*** Opening Records for this exercise ***

lemma minus_qlog_le:
  assumes q: "0 < q" "q < 1" and s: "0 < s" "s \<le> 1"
  shows "- qlog (2*q) s \<le> (1 - s) * s powr (- q) / (1 - q)"
proof -
  define g where "g x = (x powr (- q) - x powr (1 - 2*q)) / (1 - q) + qlog (2*q) x" for x
  have "g 1 \<le> g s"
  proof (rule DERIV_nonpos_imp_nonincreasing[OF s(2)])
    fix x assume x: "s \<le> x" "x \<le> 1"
    then have "0 < x"
      using s by simp
    have exponent: "1 - 2*q - 1 = - (2*q)"
      by simp
    have slope: "(- q * A - (1 - 2*q) * B) / (1 - q) + B = q / (1 - q) * (B - A)" for A B :: real
      using q by (simp add: divide_simps) (simp add: algebra_simps)
    have "(g has_real_derivative
        (- q * x powr (- q - 1) - (1 - 2*q) * x powr (1 - 2*q - 1)) / (1 - q) + x powr (- (2*q))) (at x)"
      unfolding g_def[abs_def] using \<open>0 < x\<close>
      by (intro DERIV_add DERIV_cdivide DERIV_diff has_real_derivative_powr has_real_derivative_qlog)
    then have "(g has_real_derivative q / (1 - q) * (x powr (- (2*q)) - x powr (- q - 1))) (at x)"
      unfolding exponent slope .
    moreover have "x powr (- (2*q)) \<le> x powr (- q - 1)"
      using \<open>0 < x\<close> x q by (intro powr_mono') auto
    then have "q / (1 - q) * (x powr (- (2*q)) - x powr (- q - 1)) \<le> 0"
      using q by (intro mult_nonneg_nonpos) auto
    ultimately show "\<exists>y. (g has_real_derivative y) (at x) \<and> y \<le> 0"
      by blast
  qed
  then have "- qlog (2*q) s \<le> (s powr (- q) - s powr (1 - 2*q)) / (1 - q)"
    by (simp add: g_def)
  also have "s powr (- q) - s powr (1 - 2*q) = s powr (- q) * (1 - s powr (1 - q))"
    by (simp add: right_diff_distrib flip: powr_add)
  also have "\<dots> \<le> s powr (- q) * (1 - s)"
    using powr_mono'[of "1 - q" 1 s] s q by (intro mult_left_mono) auto
  finally show ?thesis
    using q by (simp add: divide_right_mono mult.commute)
qed

definition T1_integrand :: "real \<Rightarrow> real \<Rightarrow> real" where
  "T1_integrand q u = - qlog (2*q) u / (1 - u) * (((1 - u/2) powr (q - 1) - 1) / u)"

lemma T1_limit_eq_set_integral: "T1_limit q = (LBINT u:{0<..<1}. T1_integrand q u)"
proof (cases "q = 1/2")
  case True
  show ?thesis
    unfolding True by (simp add: T1_limit_def T1_integrand_def qlog_def)
next
  case False
  have "2*q \<noteq> 1" "- 2*q + 1 = 1 - 2*q"
    using False by simp_all
  moreover have "1 / (2*q - 1) * (a / (1 - u) * w) = - (a / (1 - 2*q)) / (1 - u) * w" for a w u
    using False by (simp add: divide_simps) (simp add: algebra_simps)
  ultimately have "1 / (2*q - 1) * ((u powr (-2*q + 1) - 1) / (1 - u) * (((1 - u/2) powr (q - 1) - 1) / u))
      = T1_integrand q u" for u
    by (simp only: T1_integrand_def qlog_def if_False)
  with False show ?thesis
    unfolding T1_limit_def set_integral_mult_right[symmetric] by simp
qed

lemma sums_T1_integrand:
  assumes "0 < q" "0 < s" "s < 1"
  shows "(\<lambda>k. H (Suc k) q / real (Suc k) * (1 - s) ^ k * ((1 - s/2) powr (q - 1) - 1))
           sums T1_integrand q s"
proof -
  have "(\<lambda>k. H k q / real k * (1 - s) ^ k) sums (- qlog (2*q) s / s)"
    using sums_H_div_power[of q "1 - s"] assms by simp
  then have "(\<lambda>k. H (Suc k) q / real (Suc k) * (1 - s) ^ Suc k) sums (- qlog (2*q) s / s)"
    by (subst sums_Suc_iff) simp \<comment> \<open>the dropped term is \<open>H 0 q / 0 = 0\<close>\<close>
  then have "(\<lambda>k. H (Suc k) q / real (Suc k) * (1 - s) ^ Suc k / (1 - s) * ((1 - s/2) powr (q - 1) - 1))
      sums (- qlog (2*q) s / s / (1 - s) * ((1 - s/2) powr (q - 1) - 1))"
    by (intro sums_mult2 sums_divide)
  then show ?thesis
    using assms by (simp add: T1_integrand_def mult_ac)
qed

lemma T1_series_term_nonneg:
  assumes "0 < q" "q < 1" "0 \<le> s" "s \<le> 1"
  shows "0 \<le> H (Suc k) q / real (Suc k) * (1 - s) ^ k * ((1 - s/2) powr (q - 1) - 1)"
  using assms by (intro mult_nonneg_nonneg H_div_nonneg one_minus_half_powr_bounds(1)) auto

lemma T1_integrand_nonneg:
  assumes "0 < q" "q < 1" "0 < s" "s < 1"
  shows "0 \<le> T1_integrand q s"
  using assms T1_series_term_nonneg
  by (intro sums_le[OF _ sums_zero sums_T1_integrand]) auto

lemma T1_integrand_le:
  assumes q: "0 < q" "q < 1" and s: "0 < s" "s < 1"
  shows "T1_integrand q s \<le> ((1/2) powr (q - 1) - 1) / (1 - q) * s powr (- q)"
proof -
  have "- qlog (2*q) s / (1 - s) \<le> (1 - s) * s powr (- q) / (1 - q) / (1 - s)"
    using minus_qlog_le[OF q s(1)] s by (intro divide_right_mono) auto
  then have "- qlog (2*q) s / (1 - s) \<le> s powr (- q) / (1 - q)"
    using s by simp
  moreover have "0 \<le> ((1 - s/2) powr (q - 1) - 1) / s"
    and "((1 - s/2) powr (q - 1) - 1) / s \<le> (1/2) powr (q - 1) - 1"
    using one_minus_half_powr_bounds[of q s] q s by (simp_all add: divide_le_eq mult.commute)
  ultimately have "T1_integrand q s \<le> s powr (- q) / (1 - q) * ((1/2) powr (q - 1) - 1)"
    unfolding T1_integrand_def using q by (intro mult_mono) auto
  then show ?thesis
    by (simp add: mult_ac)
qed

lemma T1_integrand_measurable [measurable]: "T1_integrand q \<in> borel_measurable lborel"
  unfolding T1_integrand_def qlog_def by measurable

lemma nn_integral_T1_integrand_finite:
  assumes q: "0 < q" "q < 1"
  shows "(\<integral>\<^sup>+s\<in>{0<..<1}. ennreal (T1_integrand q s) \<partial>lborel) < \<infinity>"
proof -
  define c where "c = ((1/2) powr (q - 1) - 1) / (1 - q)"
  have "0 \<le> c"
    using one_minus_half_powr_bounds[of q 1] q by (simp add: c_def)
  have "(\<integral>\<^sup>+s\<in>{0<..<1}. ennreal (T1_integrand q s) \<partial>lborel)
      \<le> (\<integral>\<^sup>+s\<in>{0<..<1}. ennreal (c * s powr (- q)) \<partial>lborel)"
    using T1_integrand_le[OF q]
    by (intro nn_integral_mono) (simp add: c_def indicator_def ennreal_leI)
  also have "\<dots> = ennreal (c * Beta (1 - q) 1)"
    using q \<open>0 \<le> c\<close> by (intro nn_set_integral_Beta) auto
  finally show ?thesis
    by (rule le_less_trans) simp
qed

lemma I_div_eq_Gamma:
  assumes "0 < k"
  shows "I k q / real k = Gamma (real k) / (Gamma (real k + q) * Gamma (1 - q))"
proof -
  have "Gamma (real k + 1) = real k * Gamma (real k)"
    using assms by (intro Gamma_plus1) (auto elim!: nonpos_Ints_cases)
  then show ?thesis
    using assms by (simp add: I_def)
qed

lemma Gamma_Beta_identity:
  assumes "0 < q" "q < 1" "0 < x"
  shows "Gamma x / (Gamma (x + q) * Gamma (1 - q)) * Beta (x + q) (2 - q + real m)
       = pochhammer (1 - q) (Suc m) / fact (Suc m) * Beta (real m + 2) x"
proof -
  have "1 - q \<notin> \<int>\<^sub>\<le>\<^sub>0"
    using assms by (auto elim!: nonpos_Ints_cases)
  then have "pochhammer (1 - q) (Suc m) = Gamma (1 - q + real (Suc m)) / Gamma (1 - q)"
    by (rule pochhammer_Gamma)
  also have "1 - q + real (Suc m) = 2 - q + real m"
    by simp
  finally have "pochhammer (1 - q) (Suc m) = Gamma (2 - q + real m) / Gamma (1 - q)" .
  moreover have "fact (Suc m) = Gamma (real m + 2)"
    using Gamma_fact[of "Suc m", where 'a = real] by (simp add: add_ac)
  moreover have "Gamma (x + q) \<noteq> 0" "Gamma (1 - q) \<noteq> 0" "Gamma (real m + 2) \<noteq> 0"
    using assms by (auto intro!: Gamma_real_pos[THEN less_imp_neq, symmetric])
  ultimately show ?thesis
    by (simp add: Beta_def add_ac)
qed

lemma nn_integral_Beta_div_one_plus:
  assumes "0 < a" "0 < b"
  shows "(\<integral>\<^sup>+u\<in>{0<..<1}. ennreal (u powr (a - 1) * (1 - u) powr (b - 1) / (1 + u)) \<partial>lborel)
       = (\<Sum>m. ennreal (Beta a (b + real m) / 2 ^ Suc m))"
proof -
  have "(\<integral>\<^sup>+u\<in>{0<..<1}. ennreal (u powr (a - 1) * (1 - u) powr (b - 1) / (1 + u)) \<partial>lborel)
      = (\<Sum>m. \<integral>\<^sup>+u\<in>{0<..<1}. ennreal (u powr (a - 1) * (1 - u) powr (b - 1) * ((1 - u) ^ m / 2 ^ Suc m)) \<partial>lborel)"
  proof (rule nn_set_integral_sums)
    fix u :: real
    assume u: "u \<in> {0<..<1}"
    then have "(\<lambda>m. ((1 - u) / 2) ^ m / 2) sums (1 / (1 - (1 - u) / 2) / 2)"
      by (intro sums_divide geometric_sums) auto
    also have "1 / (1 - (1 - u) / 2) / 2 = 1 / (1 + u)"
      using u by (simp add: field_simps)
    finally have "(\<lambda>m. (1 - u) ^ m / 2 ^ Suc m) sums (1 / (1 + u))"
      by (simp add: power_divide mult.commute)
    from sums_mult[OF this, of "u powr (a - 1) * (1 - u) powr (b - 1)"]
    show "(\<lambda>m. u powr (a - 1) * (1 - u) powr (b - 1) * ((1 - u) ^ m / 2 ^ Suc m))
        sums (u powr (a - 1) * (1 - u) powr (b - 1) / (1 + u))"
      by simp
  qed auto
  also have "\<dots> = (\<Sum>m. ennreal (Beta a (b + real m) / 2 ^ Suc m))"
  proof (intro suminf_cong)
    fix m
    show "(\<integral>\<^sup>+u\<in>{0<..<1}. ennreal (u powr (a - 1) * (1 - u) powr (b - 1) * ((1 - u) ^ m / 2 ^ Suc m)) \<partial>lborel)
        = ennreal (Beta a (b + real m) / 2 ^ Suc m)"
    proof (subst nn_set_integral_Beta[where c = "1 / 2 ^ Suc m"])
      fix u :: real
      assume u: "u \<in> {0<..<1}"
      then have "(1 - u) powr (b - 1) * (1 - u) ^ m = (1 - u) powr (b + real m - 1)"
        by (simp add: powr_add[symmetric] powr_realpow[symmetric] diff_add_eq)
      then show "u powr (a - 1) * (1 - u) powr (b - 1) * ((1 - u) ^ m / 2 ^ Suc m)
          = 1 / 2 ^ Suc m * (u powr (a - 1) * (1 - u) powr (b + real m - 1))"
        by (simp add: field_simps)
    qed (use assms in auto)
  qed
  finally show ?thesis .
qed
(* Let $m\geq 1$, let $x_1,\ldots,x_m\in\{0,1\}$ with $x_j\neq x_{j+1}$ for $1\le j<m$ and $x_m=1$, and let $k_1,\ldots,k_m$ be positive integers with $k_1\geq 2$. Let $G$ be the threshold graph generated by the binary sequence $x_1^{k_1},x_2^{k_2},\ldots,x_m^{k_m}$, and let $n=k_1+\cdots+k_m$ be its number of vertices. Then \[ \operatorname{cdim}(G)=\begin{cases} n-m & \text{if } k_m>1,\\ n-m+1 & \text{if } k_m=1.\end{cases} \]
   Context: All graphs are finite, simple, undirected and nonempty. A threshold graph on $n$ vertices is generated by a binary sequence $y_1,\ldots,y_n\in\{0,1\}$: starting from the empty graph, in step $i$ one adds a new vertex which is isolated if $y_i=0$ and adjacent to all previously added vertices if $y_i=1$. The notation $x_1^{k_1},\ldots,x_m^{k_m}$ denotes the binary sequence consisting of $k_1$ copies of $x_1$, followed by $k_2$ copies of $x_2$, etc. For distinct vertices $v,w$, $\kappa(v,w)$ is the maximum number of internally vertex-disjoint $v$–$w$ paths (an edge $vw$ counts as one such path); $\kappa(v,v)=\infty$. For an ordered vertex set $W=(w_1,\ldots,w_k)$, $r_G(v,W)=[\kappa(v,w_1),\ldots,\kappa(v,w_k)]$. $W$ is resolving if $r_G(v_1,W)=r_G(v_2,W)$ implies $v_1=v_2$. The connectivity dimension $\operatorname{cdim}(G)$ is the minimum cardinality of a resolving set. *)

theory Defs
  imports Main "HOL-Library.Extended_Nat"
begin

text \<open>A finite simple graph is given by a vertex set V and a symmetric irreflexive
adjacency relation adj.\<close>

definition is_path :: "'a set \<Rightarrow> ('a \<Rightarrow> 'a \<Rightarrow> bool) \<Rightarrow> 'a \<Rightarrow> 'a \<Rightarrow> 'a list \<Rightarrow> bool" where
  "is_path V adj v w p \<longleftrightarrow> p \<noteq> [] \<and> distinct p \<and> set p \<subseteq> V \<and> hd p = v \<and> last p = w
     \<and> (\<forall>i. Suc i < length p \<longrightarrow> adj (p ! i) (p ! Suc i))"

*** Closing Records for this exercise ***

Exercise details: Could you repeat exactly the lines above from the line with "by (simp add: mult_ac)" up to and including the line with "ennreal (c * Beta", and only those?

Reply to the task:
    by (simp add: mult_ac)
qed

lemma T1_integrand_measurable [measurable]: "T1_integrand q \<in> borel_measurable lborel"
  unfolding T1_integrand_def qlog_def by measurable

lemma nn_integral_T1_integrand_finite:
  assumes q: "0 < q" "q < 1"
  shows "(\<integral>\<^sup>+s\<in>{0<..<1}. ennreal (T1_integrand q s) \<partial>lborel) < \<infinity>"
proof -
  define c where "c = ((1/2) powr (q - 1) - 1) / (1 - q)"
  have "0 \<le> c"
    using one_minus_half_powr_bounds[of q 1] q by (simp add: c_def)
  have "(\<integral>\<^sup>+s\<in>{0<..<1}. ennreal (T1_integrand q s) \<partial>lborel)
      \<le> (\<integral>\<^sup>+s\<in>{0<..<1}. ennreal (c * s powr (- q)) \<partial>lborel)"
    using T1_integrand_le[OF q]
    by (intro nn_integral_mono) (simp add: c_def indicator_def ennreal_leI)
  also have "\<dots> = ennreal (c * Beta (1 - q) 1)"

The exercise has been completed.